Warning me." She hesitated. "And somebody tries to kill you."
I linked
those facts to her earlier question. "What, you think I was attacked in the
U.S. because of something the Father-Colonel has going in Eastern Europe?" I
used my nickname for Holger Sorensen, who was not only an Army officer, but also
an ordained Lutheran minister.
"You have to
admit, your attackers did stop you from joining him."
Circumstantial evidence, not proof. Yet, it was enough to silence me. When
Holger first mentioned the conference, I'd asked if he was recruiting me for an
operation. He'd sworn not. I believed him but maybe my attackers didn't.
"You better
make Holger explain what's going on," Bella said. "I'll go out to Tegel myself
and find Stefan. He won't like this."
I'd wanted
Bella to send someone to reassure Stefan I was in no danger. Instead, she'd be
sharing her own suspicions with him. I sighed. "Tell Stefan not to worry.
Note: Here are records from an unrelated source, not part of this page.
lemma top_l2_scale:
  assumes "x \<in> c0_fun"
  shows "top_l2 k (\<lambda>g. c * x g) = \<bar>c\<bar> * top_l2 k x"
proof -
  obtain F where F: "F \<in> card_le_sets k" "\<forall>G\<in>card_le_sets k. L2_set x G \<le> L2_set x F"
    using L2_set_maximizer_exists[OF assms] by blast
  then have "\<forall>G\<in>card_le_sets k. L2_set (\<lambda>g. c * x g) G \<le> L2_set (\<lambda>g. c * x g) F"
    by (simp add: L2_set_scale mult_left_mono)
  then show ?thesis using top_l2_eq_maximum[OF F(1)] top_l2_eq_maximum[OF F] by (simp add: L2_set_scale)
qed

lemma top_l2_bound:
  assumes "x \<in> c0_fun" "\<And>g. \<bar>x g\<bar> \<le> B"
  shows "(top_l2 k x)^2 \<le> real k * B^2"
proof -
  obtain F where F: "F \<in> card_le_sets k" "\<forall>G\<in>card_le_sets k. L2_set x G \<le> L2_set x F"
    using L2_set_maximizer_exists[OF assms(1)] by blast
  then have fin: "finite F" and card: "card F \<le> k" by (auto simp: card_le_sets_def)
  have "(top_l2 k x)^2 = (\<Sum>g\<in>F. (x g)^2)" using top_l2_eq_maximum[OF F] L2_set_power2[OF fin] by simp
  also have "\<dots> \<le> (\<Sum>g\<in>F. B^2)"
    by (rule sum_mono) (metis abs_ge_zero assms(2) power2_abs power_mono)
  also have "\<dots> \<le> real k * B^2" using card by (simp add: mult_right_mono)
  finally show ?thesis .
qed

lemma L2_set_triangle_eq_imp_eq:
  assumes "finite F" "L2_set x F = L2_set y F"
    and "L2_set (\<lambda>g. x g + y g) F = L2_set x F + L2_set y F"
  shows "\<forall>g\<in>F. x g = y g"
proof -
  let ?a = "L2_set x F"
  have "(\<Sum>g\<in>F. (x g - y g)^2) = (\<Sum>g\<in>F. 2*(x g)^2 + 2*(y g)^2 - (x g + y g)^2)"
    by (rule sum.cong) (auto simp: power2_eq_square algebra_simps)
  also have "\<dots> = 2 * (\<Sum>g\<in>F. (x g)^2) + 2 * (\<Sum>g\<in>F. (y g)^2) - (\<Sum>g\<in>F. (x g + y g)^2)"
    by (simp add: sum_subtractf sum.distrib sum_distrib_left)
  also have "\<dots> = 2 * ?a^2 + 2 * ?a^2 - (2 * ?a)^2"
    using assms by (simp add: L2_set_power2[symmetric])
  also have "\<dots> = 0" by (simp add: power2_eq_square)
  finally show ?thesis using assms(1) by (subst (asm) sum_nonneg_eq_0_iff) auto
qed

text \<open>Otherwise g could be added to F, or swapped in for an element of F where |x| is smaller,
  increasing the sum of squares.\<close>

lemma L2_set_maximizer_mem:
  assumes x: "x \<in> c0_fun" and xg: "x g \<noteq> 0"
    and k: "k = card {d. \<bar>x g\<bar> \<le> \<bar>x d\<bar>}"
    and F: "F \<in> card_le_sets k" "\<forall>G\<in>card_le_sets k. L2_set x G \<le> L2_set x F"
  shows "g \<in> F"
proof (rule ccontr)
  assume gF: "g \<notin> F"
  let ?A = "{d. \<bar>x g\<bar> \<le> \<bar>x d\<bar>}"
  have fA: "finite ?A" using c0_funD[OF x, of "\<bar>x g\<bar>"] xg by simp
  have fF: "finite F" "card F \<le> k" using F(1) by (auto simp: card_le_sets_def)
  have pos: "(x g)^2 > 0" using xg by simp
  obtain G where G: "G \<in> card_le_sets k" "(\<Sum>d\<in>F. (x d)^2) < (\<Sum>d\<in>G. (x d)^2)"
  proof (cases "card F < k")
    case True
    then have "insert g F \<in> card_le_sets k" using fF gF by (simp add: card_le_sets_def)
    moreover have "(\<Sum>d\<in>insert g F. (x d)^2) = (x g)^2 + (\<Sum>d\<in>F. (x d)^2)" using fF gF by simp
    ultimately show ?thesis using pos that by auto
  next
    case False
    have "\<not> F \<subseteq> ?A - {g}"
    proof
      assume "F \<subseteq> ?A - {g}"
      then have "card F \<le> card (?A - {g})" using fA by (intro card_mono) auto
      also have "\<dots> < card ?A" using fA by (rule card_Diff1_less) simp
      finally show False using False k by simp
    qed
    then obtain d where "d \<in> F" "d \<notin> ?A - {g}" by blast
    then have d: "d \<in> F" "\<bar>x d\<bar> < \<bar>x g\<bar>" using gF by auto
    let ?G = "insert g (F - {d})"
    have "card ?G = card F" using fF d gF by (simp add: card_Diff1_less)
      (metis One_nat_def Suc_pred card_gt_0_iff empty_iff)
    then have "?G \<in> card_le_sets k" using fF by (simp add: card_le_sets_def)
    moreover have "(\<Sum>e\<in>?G. (x e)^2) = (x g)^2 + (\<Sum>e\<in>F. (x e)^2) - (x d)^2"
      using fF gF d by (simp add: sum_diff1)
    moreover have "(x d)^2 < (x g)^2"
      using d(2) by (metis abs_ge_zero power2_abs power_strict_mono zero_less_numeral)
    ultimately show ?thesis using that by auto
  qed
  moreover have "finite G" using G(1) by (simp add: card_le_sets_def)
  ultimately show False using F(2) L2_set_le_iff[OF _ fF(1), of G x] by auto
qed

text \<open>A set F maximizing the l2 norm of x + y over sets of size k also maximizes it for x and
  for y, by additivity. So g \<in> F by the previous lemma, and x = y on F by the equality case of
  the triangle inequality in l2.\<close>

lemma top_l2_additive_imp_eq_at:
  assumes x: "x \<in> c0_fun" and y: "y \<in> c0_fun"
    and eq: "\<And>k. k > 0 \<Longrightarrow> top_l2 k x = top_l2 k y"
    and add: "\<And>k. k > 0 \<Longrightarrow> top_l2 k (\<lambda>g. x g + y g) = top_l2 k x + top_l2 k y"
    and xg: "x g \<noteq> 0"
  shows "x g = y g"
proof -
  define k where "k = card {d. \<bar>x g\<bar> \<le> \<bar>x d\<bar>}"
  have "finite {d. \<bar>x g\<bar> \<le> \<bar>x d\<bar>}" using c0_funD[OF x, of "\<bar>x g\<bar>"] xg by simp
  then have "k > 0" unfolding k_def by (subst card_gt_0_iff) auto
  let ?z = "\<lambda>g. x g + y g"
  obtain F where F: "F \<in> card_le_sets k" "\<forall>G\<in>card_le_sets k. L2_set ?z G \<le> L2_set ?z F"
    using L2_set_maximizer_exists[OF c0_fun_add[OF x y]] by blast
  have "L2_set ?z F = top_l2 k x + top_l2 k y"
    using top_l2_eq_maximum[OF F] add[OF \<open>k > 0\<close>] by simp
  moreover have "L2_set ?z F \<le> L2_set x F + L2_set y F" by (rule L2_set_triangle_ineq)
  moreover have "L2_set x F \<le> top_l2 k x" "L2_set y F \<le> top_l2 k y"
    using L2_set_le_top_l2 x y F(1) by auto
  ultimately have ex: "L2_set x F = top_l2 k x" and ey: "L2_set y F = top_l2 k y"
    and ez: "L2_set ?z F = L2_set x F + L2_set y F" by linarith+
  have "finite F" using F(1) by (simp add: card_le_sets_def)
  then have "\<forall>h\<in>F. x h = y h"
    using ez ex ey eq[OF \<open>k > 0\<close>] by (intro L2_set_triangle_eq_imp_eq) simp_all
  moreover have "\<forall>G\<in>card_le_sets k. L2_set x G \<le> L2_set x F" using ex L2_set_le_top_l2[OF x] by simp
  then have "g \<in> F" using L2_set_maximizer_mem[OF x xg k_def F(1)] by blast
  ultimately show ?thesis by blast
qed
I'll probably make it to the conference by Wednesday. We can still get together
for the weekend."
"I'll tell
him," Bella said. "In the meantime, you be careful."
"You too.
How are you feeling?"
"Still
kicking. And so is our girl." She proceeded to give me a report on her last
OB/GYN exam. Sixty seconds into it, Franklin Botts appeared in my open doorway,
eyebrows raised. I cut Bella short and said good-bye.
Frank and I
convoyed from the Department to my condo on upper Connecticut Avenue. He was
all business and I wondered if I'd imagined his earlier wink. He did a quick
inspection before he ushered me inside, warning me to set the alarm as soon as
he left.
After I did,
I went to the kitchen and took a St. Pauli Girl from the refrigerator. The
glass bottle felt unnaturally cold in my palm. The chill spread up my arm,
across my shoulders. I shivered so hard, I needed three tries to pry the cap
from the bottle. When I raised it to my mouth, the glass clicked against my
teeth.
The attack,
my father's agitated warning, Bella's ominous words—the combination threatened
to overwhelm me. I set my beer on the counter and stumbled from the kitchen to
the bedroom. I pulled the down comforter from my bed and wrapped it around me.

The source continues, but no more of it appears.